1.2 Initial exploration

For better presentation, this book use Polars’ configuration options to adjust the layout of printed tables. Specifically:

  • Limit the number of columns and rows displayed in DataFrames to 10 each
  • Apply stylish formatting to the tables for pleasant reading experience
pl.Config.set_tbl_cols(10)
pl.Config.set_tbl_rows(10)
pl.Config.set_tbl_formatting(rounded_corners=True)
polars.config.Config

1.2.1 Data loading

Reading a CSV file using Polars is straightforward. Let’s take a quick look:

flights = pl.read_csv('./data/flights.csv')

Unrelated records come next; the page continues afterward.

(* Let $1\le p<\infty$ and let $w$ be a weight on $\mathbb{R}^n$. The following are equivalent: (i) $M_0$ is bounded from $\mathcal M^{p}(\varphi,w)$ to $W\mathcal M^{p}(\varphi,w)$; (ii) $w\in A_{0}(\mathcal M^{p}(\varphi))$; (iii) $M_0$ is bounded on $\mathcal M^{p}(\varphi,w)$. Moreover, the operator norm of $M_0$ in (i) and in (iii) is comparable to $[w]_{A_{0}(\mathcal M^{p}(\varphi))}$, with constants independent of $w$.
   Context: A weight is a nonnegative locally integrable function on $\mathbb{R}^n$. Let $\varphi$ be a function from the set of Euclidean balls of $\mathbb{R}^n$ to $(0,\infty)$; standing assumptions: $\varphi$ is doubling ($\varphi(2B)\le C\varphi(B)$) and reverse doubling (there are $\delta>0$, $C$ with $\varphi(B_1)/\varphi(B_2)\le C(|B_1|/|B_2|)^\delta$ for balls $B_1\subset B_2$), and characteristic functions of balls belong to $\mathcal M^{p}(\varphi,w)$. $\mathcal M^{p}(\varphi,w)$ is the space of measurable $f$ with $\|f\|_{\mathcal M^{p}(\varphi,w)}:=\sup_B\big(\varphi(B)^{-1}\int_B|f|^pw\big)^{1/p}<\infty$ (supremum over all balls); $W\mathcal M^{p}(\varphi,w)$ is defined by $\|f\|_{W\mathcal M^{p}(\varphi,w)}:=\sup_B\sup_{t>0} t\, w(\{x\in B:|f(x)|>t\})^{1/p}\varphi(B)^{-1/p}<\infty$. Köthe dual: $\|g\|_{X'}:=\sup\{\int|fg|:\|f\|_X\le1\}$. $M_0f(x):=\sup_{r>|x|}|B(0,r)|^{-1}\int_{|y|<r}|f(y)|\,dy$. $[w]_{A_{0}(\mathcal M^{p}(\varphi))}:=\sup_B\|\chi_B\|_{\mathcal M^{p}(\varphi,w)}\|\chi_B\|_{\mathcal M^{p}(\varphi,w)'}/|B|$ with the supremum over balls $B$ centered at the origin; $A_0(\mathcal M^{p}(\varphi))$ is the class of weights with this finite. *)

theory Defs
  imports "HOL-Analysis.Analysis"
begin

definition epowr :: "ennreal \<Rightarrow> real \<Rightarrow> ennreal" where
  "epowr x a = (if x = \<infinity> then \<infinity> else ennreal (enn2real x powr a))"

definition is_ball :: "'a::euclidean_space set \<Rightarrow> bool" where
  "is_ball B \<longleftrightarrow> (\<exists>x r. r > 0 \<and> B = ball x r)"

definition admissible_phi :: "('a::euclidean_space set \<Rightarrow> real) \<Rightarrow> bool" where
  "admissible_phi \<phi> \<longleftrightarrow>
     (\<forall>B. is_ball B \<longrightarrow> \<phi> B > 0) \<and>
     (\<exists>C. \<forall>x r. r > 0 \<longrightarrow> \<phi> (ball x (2 * r)) \<le> C * \<phi> (ball x r)) \<and>
     (\<exists>\<delta> C. \<delta> > 0 \<and> (\<forall>B1 B2. is_ball B1 \<longrightarrow> is_ball B2 \<longrightarrow> B1 \<subseteq> B2 \<longrightarrow>
          \<phi> B1 / \<phi> B2 \<le> C * (measure lebesgue B1 / measure lebesgue B2) powr \<delta>))"

definition weight :: "('a::euclidean_space \<Rightarrow> real) \<Rightarrow> bool" where
  "weight w \<longleftrightarrow> (\<forall>x. 0 \<le> w x) \<and> w \<in> borel_measurable lebesgue \<and>
     (\<forall>K. compact K \<longrightarrow> (\<integral>\<^sup>+ x\<in>K. ennreal (w x) \<partial>lebesgue) < \<infinity>)"

definition wint :: "real \<Rightarrow> ('a::euclidean_space \<Rightarrow> real) \<Rightarrow> ('a \<Rightarrow> ennreal) \<Rightarrow> 'a set \<Rightarrow> ennreal" where
  "wint p w g B = (\<integral>\<^sup>+ x\<in>B. epowr (g x) p * ennreal (w x) \<partial>lebesgue)"

definition morrey_norm :: "real \<Rightarrow> ('a::euclidean_space set \<Rightarrow> real) \<Rightarrow> ('a \<Rightarrow> real) \<Rightarrow> ('a \<Rightarrow> ennreal) \<Rightarrow> ennreal" where
  "morrey_norm p \<phi> w g = (SUP B\<in>{B. is_ball B}. epowr (ennreal (1 / \<phi> B) * wint p w g B) (1 / p))"

definition weak_morrey_norm :: "real \<Rightarrow> ('a::euclidean_space set \<Rightarrow> real) \<Rightarrow> ('a \<Rightarrow> real) \<Rightarrow> ('a \<Rightarrow> ennreal) \<Rightarrow> ennreal" where
  "weak_morrey_norm p \<phi> w g = (SUP (B, t)\<in>{(B, t). is_ball B \<and> t > 0}.
      ennreal t * epowr (\<integral>\<^sup>+ x\<in>{x\<in>B. g x > ennreal t}. ennreal (w x) \<partial>lebesgue) (1 / p)
      * ennreal (\<phi> B powr (- 1 / p)))"

definition in_morrey :: "real \<Rightarrow> ('a::euclidean_space set \<Rightarrow> real) \<Rightarrow> ('a \<Rightarrow> real) \<Rightarrow> ('a \<Rightarrow> real) \<Rightarrow> bool" where
  "in_morrey p \<phi> w f \<longleftrightarrow> f \<in> borel_measurable lebesgue \<and>
     morrey_norm p \<phi> w (\<lambda>x. ennreal \<bar>f x\<bar>) < \<infinity>"

definition morrey_dual_norm :: "real \<Rightarrow> ('a::euclidean_space set \<Rightarrow> real) \<Rightarrow> ('a \<Rightarrow> real) \<Rightarrow> ('a \<Rightarrow> real) \<Rightarrow> ennreal" where
  "morrey_dual_norm p \<phi> w g = (SUP f\<in>{f. in_morrey p \<phi> w f \<and> morrey_norm p \<phi> w (\<lambda>x. ennreal \<bar>f x\<bar>) \<le> 1}.
      \<integral>\<^sup>+ x. ennreal \<bar>f x * g x\<bar> \<partial>lebesgue)"

definition M0 :: "('a::euclidean_space \<Rightarrow> real) \<Rightarrow> 'a \<Rightarrow> ennreal" where
  "M0 f x = (SUP r\<in>{r. r > norm x}.
      ennreal (1 / measure lebesgue (ball (0::'a) r)) * (\<integral>\<^sup>+ y\<in>ball 0 r. ennreal \<bar>f y\<bar> \<partial>lebesgue))"

definition A0_const :: "real \<Rightarrow> ('a::euclidean_space set \<Rightarrow> real) \<Rightarrow> ('a \<Rightarrow> real) \<Rightarrow> ennreal" where
  "A0_const p \<phi> w = (SUP r\<in>{r::real. r > 0}.
      morrey_norm p \<phi> w (\<lambda>x. ennreal (indicator (ball (0::'a) r) x))
      * morrey_dual_norm p \<phi> w (indicator (ball 0 r))
      / emeasure lebesgue (ball (0::'a) r))"

definition M0_norm_weak :: "real \<Rightarrow> ('a::euclidean_space set \<Rightarrow> real) \<Rightarrow> ('a \<Rightarrow> real) \<Rightarrow> ennreal" where
  "M0_norm_weak p \<phi> w = Inf {K. \<forall>f. in_morrey p \<phi> w f \<longrightarrow>
      weak_morrey_norm p \<phi> w (M0 f) \<le> K * morrey_norm p \<phi> w (\<lambda>x. ennreal \<bar>f x\<bar>)}"

definition M0_norm_strong :: "real \<Rightarrow> ('a::euclidean_space set \<Rightarrow> real) \<Rightarrow> ('a \<Rightarrow> real) \<Rightarrow> ennreal" where
  "M0_norm_strong p \<phi> w = Inf {K. \<forall>f. in_morrey p \<phi> w f \<longrightarrow>
      morrey_norm p \<phi> w (M0 f) \<le> K * morrey_norm p \<phi> w (\<lambda>x. ennreal \<bar>f x\<bar>)}"

definition M0_bounded_weak :: "real \<Rightarrow> ('a::euclidean_space set \<Rightarrow> real) \<Rightarrow> ('a \<Rightarrow> real) \<Rightarrow> bool" where
  "M0_bounded_weak p \<phi> w \<longleftrightarrow> (\<exists>K::real. \<forall>f. in_morrey p \<phi> w f \<longrightarrow>
      weak_morrey_norm p \<phi> w (M0 f) \<le> ennreal K * morrey_norm p \<phi> w (\<lambda>x. ennreal \<bar>f x\<bar>))"

definition M0_bounded_strong :: "real \<Rightarrow> ('a::euclidean_space set \<Rightarrow> real) \<Rightarrow> ('a \<Rightarrow> real) \<Rightarrow> bool" where
  "M0_bounded_strong p \<phi> w \<longleftrightarrow> (\<exists>K::real. \<forall>f. in_morrey p \<phi> w f \<longrightarrow>
      morrey_norm p \<phi> w (M0 f) \<le> ennreal K * morrey_norm p \<phi> w (\<lambda>x. ennreal \<bar>f x\<bar>))"

definition in_A0 :: "real \<Rightarrow> ('a::euclidean_space set \<Rightarrow> real) \<Rightarrow> ('a \<Rightarrow> real) \<Rightarrow> bool" where
  "in_A0 p \<phi> w \<longleftrightarrow> A0_const p \<phi> w < \<infinity>"

end

theory Submission
  imports Defs
begin

(*
  Chebyshev's inequality bounds the weak norm of M_0 by its strong norm. Testing the weak bound
  on f with norm at most 1, on the ball B(0,r) where M_0 f dominates the mean of |f| over B(0,r),
  gives [w] <= weak norm, by the definition of the Koethe dual norm.

  Conversely, Koethe duality and homogeneity give
  ||chi_B(0,r)|| * int_B(0,r) |f| <= [w] |B(0,r)| ||f||.
  For x with rho <= 2|x| only radii r >= rho matter in M_0 f x, up to a factor 2^n, so on a set E
  inside a ball E' and inside B(0,rho) this bounds (M_0 f)^p times the w-mean of E over phi(E').
  A ball B(c,R) with |c| >= 3R is such a set. A ball with |c| < 3R lies in B(0,4R), which is
  split into dyadic annuli about the origin; each annulus is such a set, the reverse doubling
  of phi makes the resulting series of phi-values geometric, and doubling compares its sum with
  phi(B(c,R)).
*)

section \<open>Extended nonnegative reals\<close>

lemma epowr_ennreal: "0 \<le> x \<Longrightarrow> epowr (ennreal x) q = ennreal (x powr q)"
  by (simp add: epowr_def)

lemma epowr_top [simp]: "epowr top q = top"
  by (simp add: epowr_def)

lemma epowr_zero_left [simp]: "epowr 0 q = 0"
  by (simp add: epowr_def)

lemma epowr_one_left [simp]: "epowr 1 q = 1"
  by (simp add: epowr_def)

lemma epowr_eq_0_iff:
  assumes "0 < q"
  shows "epowr a q = 0 \<longleftrightarrow> a = 0"
proof (cases "a = top")
  case False
  then obtain x where "a = ennreal x" "0 \<le> x"
    by (metis ennreal_cases)
  then show ?thesis
    using assms by (simp add: epowr_ennreal ennreal_eq_0_iff)
qed simp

For those familiar with R’s dplyr, a similar method called glimpse() is available:

# Glimpse the first 10 columns
flights[:,0:10].glimpse()
Rows: 999
Columns: 10
$ Year                        <i64> 2022, 2022, 2022, 2022, 2022, 2022, 2022, 2022, 2022, 2022
$ Quarter                     <i64> 1, 1, 1, 1, 1, 1, 1, 1, 1, 1
$ Month                       <i64> 1, 1, 1, 1, 1, 1, 1, 1, 1, 1
$ DayofMonth                  <i64> 14, 15, 16, 17, 18, 19, 20, 21, 22, 23
$ DayOfWeek                   <i64> 5, 6, 7, 1, 2, 3, 4, 5, 6, 7
$ FlightDate                  <str> '2022-01-14', '2022-01-15', '2022-01-16', '2022-01-17', '2022-01-18', '2022-01-19', '2022-01-20', '2022-01-21', '2022-01-22', '2022-01-23'
$ Reporting_Airline           <str> 'YX', 'YX', 'YX', 'YX', 'YX', 'YX', 'YX', 'YX', 'YX', 'YX'
$ DOT_ID_Reporting_Airline    <i64> 20452, 20452, 20452, 20452, 20452, 20452, 20452, 20452, 20452, 20452
$ IATA_CODE_Reporting_Airline <str> 'YX', 'YX', 'YX', 'YX', 'YX', 'YX', 'YX', 'YX', 'YX', 'YX'
$ Tail_Number                 <str> 'N119HQ', 'N122HQ', 'N412YX', 'N405YX', 'N420YX', 'N446YX', 'N116HQ', 'N419YX', 'N137HQ', 'N110HQ'


Standard commands from pandas such as head(), tail(), and describe() can be used seamlessly:

flights.head()
shape: (5, 110)
Year Quarter Month DayofMonth DayOfWeek Div5TotalGTime Div5LongestGTime Div5WheelsOff Div5TailNum
i64 i64 i64 i64 i64 str str str str str
2022 1 1 14 5 null null "" "" null
2022 1 1 15 6 null null "" "" null
2022 1 1 16 7 null null "" "" null
2022 1 1 17 1 null null "" "" null
2022 1 1 18 2 null null "" "" null
flights.tail()
shape: (5, 110)
Year Quarter Month DayofMonth DayOfWeek Div5TotalGTime Div5LongestGTime Div5WheelsOff Div5TailNum
i64 i64 i64 i64 i64 str str str str str
2022 1 1 12 3 null null "" "" null
2022 1 1 13 4 null null "" "" null
2022 1 1 14 5 null null "" "" null
2022 1 1 17 1 null null "" "" null
2022 1 1 18 2 null null "" "" null
flights.describe()
shape: (9, 111)
statistic Year Quarter Month DayofMonth Div5TotalGTime Div5LongestGTime Div5WheelsOff Div5TailNum
str f64 f64 f64 f64 str str str str str
"count" 999.0 999.0 999.0 999.0 "0" "0" "999" "999" "0"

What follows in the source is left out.